AL-MUKALLA: UN and international aid organizations whose employees are being forcibly held by the Houthis have condemned the Yemeni militia over plans to put the abducted workers on trial.

Global calls for the employees to be released follow an announcement by the militia that it has abolished a body notorious for harassing international aid workers.

In a joint letter, the UN Yemen envoy, Hans Grundberg, and heads of several UN agencies and international organizations, including Save the Children International, on Saturday expressed dismay over news that the Houthis plan to prosecute the employees, warning that the move will jeopardize workers’ security and disrupt humanitarian activities in aid-dependent Yemen.

“We are extremely concerned about the reported referral to ‘criminal prosecution’ by the Houthi de facto authorities of a significant number of arbitrarily detained colleagues,” the organizations said.

Two UNESCO workers and one UN Human Rights Office employee are believed to be facing prosecution. The three were abducted by the Houthis in separate incidents in 2021 and 2023.

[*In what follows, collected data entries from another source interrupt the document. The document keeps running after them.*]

lemma choquet_add_const:
  assumes cap: "capacity M v" and X: "X \<in> bdd_meas M"
  shows "choquet M v (\<lambda>\<omega>. X \<omega> + c) = choquet M v X + c"
proof -
  obtain L B where "L \<le> B" and bounds: "\<And>\<omega>. \<omega> \<in> space M \<Longrightarrow> L \<le> X \<omega> \<and> X \<omega> < B"
    using bdd_meas_bounds[OF X] by blast
  have Xm: "X \<in> borel_measurable M"
    using X by (rule bdd_meas_borel_measurable)
  have "geq_set M (\<lambda>\<omega>. X \<omega> + c) x = geq_set M X (x + - c)" for x
    by (auto simp: geq_set_def)
  moreover have "choquet M v (\<lambda>\<omega>. X \<omega> + c)
      = (L + c) + integral {L+c..B+c} (\<lambda>x. v (geq_set M (\<lambda>\<omega>. X \<omega> + c) x))"
  proof (rule choquet_eq_interval[OF cap])
    show "(\<lambda>\<omega>. X \<omega> + c) \<in> borel_measurable M"
      using Xm by measurable
  qed (use bounds \<open>L \<le> B\<close> in auto)
  ultimately have "choquet M v (\<lambda>\<omega>. X \<omega> + c)
      = (L + c) + integral {L+c..B+c} (\<lambda>x. v (geq_set M X (x + - c)))"
    by simp
  also have "integral {L+c..B+c} (\<lambda>x. v (geq_set M X (x + - c))) = integral {L..B} (\<lambda>x. v (geq_set M X x))"
    using integral_shift_real_ivl[of L "-c" B "\<lambda>x. v (geq_set M X x)"] by simp
  finally show ?thesis
    using choquet_eq_interval[OF cap Xm bounds \<open>L \<le> B\<close>] by simp
qed

lemma choquet_cmult:
  assumes cap: "capacity M v" and X: "X \<in> bdd_meas M" and "0 < c"
  shows "choquet M v (\<lambda>\<omega>. c * X \<omega>) = c * choquet M v X"
proof -
  obtain L B where "L \<le> B" and bounds: "\<And>\<omega>. \<omega> \<in> space M \<Longrightarrow> L \<le> X \<omega> \<and> X \<omega> < B"
    using bdd_meas_bounds[OF X] by blast
  have Xm: "X \<in> borel_measurable M"
    using X by (rule bdd_meas_borel_measurable)
  define \<phi> where "\<phi> x = v (geq_set M X x)" for x
  have "geq_set M (\<lambda>\<omega>. c * X \<omega>) x = geq_set M X (x / c)" for x
    using \<open>0 < c\<close> by (auto simp: geq_set_def field_simps)
  moreover have "choquet M v (\<lambda>\<omega>. c * X \<omega>)
      = c * L + integral {c * L..c * B} (\<lambda>x. v (geq_set M (\<lambda>\<omega>. c * X \<omega>) x))"
  proof (rule choquet_eq_interval[OF cap])
    show "(\<lambda>\<omega>. c * X \<omega>) \<in> borel_measurable M"
      using Xm by measurable
  qed (use bounds \<open>L \<le> B\<close> \<open>0 < c\<close> in auto)
  ultimately have "choquet M v (\<lambda>\<omega>. c * X \<omega>) = c * L + integral {c * L..c * B} (\<lambda>x. \<phi> (x / c))"
    by (simp add: \<phi>_def)
  also have "integral {c * L..c * B} (\<lambda>x. \<phi> (x / c)) = c * integral {L..B} \<phi>"
  proof -
    have "(\<lambda>x. x / (1 / c)) ` {L..B} = {c * L..c * B}"
      using image_mult_atLeastAtMost_if'[of c L B] \<open>L \<le> B\<close> \<open>0 < c\<close> by (simp add: mult.commute)
    then show ?thesis
      using integral_stretch_real[of "1 / c" L B \<phi>] \<open>0 < c\<close> by simp
  qed
  finally show ?thesis
    using choquet_eq_interval[OF cap Xm bounds \<open>L \<le> B\<close>] by (simp add: \<phi>_def[abs_def] algebra_simps)
qed

lemma submodular_geq_set_add_indicator:
  assumes sub: "submodular M v" and Z: "Z \<in> borel_measurable M" and A: "A \<in> sets M" and "0 < c"
  shows "v (geq_set M (\<lambda>\<omega>. Z \<omega> + c * indicator A \<omega>) x) + v (A \<inter> geq_set M Z x)
    \<le> v (geq_set M Z x) + v (A \<inter> geq_set M Z (x - c))"
proof -
  let ?U = "geq_set M Z x" and ?V = "A \<inter> geq_set M Z (x - c)"
  have "?U \<in> sets M" "?V \<in> sets M"
    using sets_geq_set[OF Z] A by auto
  then have "v (?U \<union> ?V) + v (?U \<inter> ?V) \<le> v ?U + v ?V"
    using sub by (simp add: submodular_def)
  moreover have "geq_set M (\<lambda>\<omega>. Z \<omega> + c * indicator A \<omega>) x = ?U \<union> ?V"
    using \<open>0 < c\<close> sets.sets_into_space[OF A] by (auto simp: geq_set_def indicator_def)
  moreover have "?U \<inter> ?V = A \<inter> geq_set M Z x"
    using \<open>0 < c\<close> by (auto simp: geq_set_def)
  ultimately show ?thesis
    by simp
qed

lemma integral_shift_capacity_Int_geq_set:
  assumes cap: "capacity M v" and Z: "Z \<in> borel_measurable M" and A: "A \<in> sets M"
    and bounds: "\<And>\<omega>. \<omega> \<in> space M \<Longrightarrow> L \<le> Z \<omega> \<and> Z \<omega> < B" and "L \<le> B" "0 \<le> c"
  shows "integral {L..B+c} (\<lambda>x. v (A \<inter> geq_set M Z (x - c)))
    - integral {L..B+c} (\<lambda>x. v (A \<inter> geq_set M Z x)) = c * v A"
proof (rule integral_shift_diff[OF _ _ _ \<open>L \<le> B\<close> \<open>0 \<le> c\<close>])
  show "(\<lambda>x. v (A \<inter> geq_set M Z x)) integrable_on {a..b}" for a b
    using antimono_capacity_Int_geq_set[OF cap Z A] by (rule integrable_on_antimono)
  show "v (A \<inter> geq_set M Z x) = v A" if "x \<le> L" for x
    using geq_set_outside_range(1)[where M = M and X = Z, OF bounds that] sets.sets_into_space[OF A]
    by (simp add: Int_absorb2)
  show "v (A \<inter> geq_set M Z x) = 0" if "B \<le> x" for x
    using geq_set_outside_range(2)[where M = M and X = Z, OF bounds that] cap by (simp add: capacity_def)
qed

“Such a decision further raises serious concerns about the safety and security of our staff and their families, and will further impede our ability to reach millions of Yemenis who need humanitarian aid and protection, with detrimental consequences for their well-being and status,” the organizations added.

During the last four months, the Houthis have launched a crackdown on Yemeni workers with UN agencies, international aid, human rights and development organizations, and diplomatic missions in areas under their control.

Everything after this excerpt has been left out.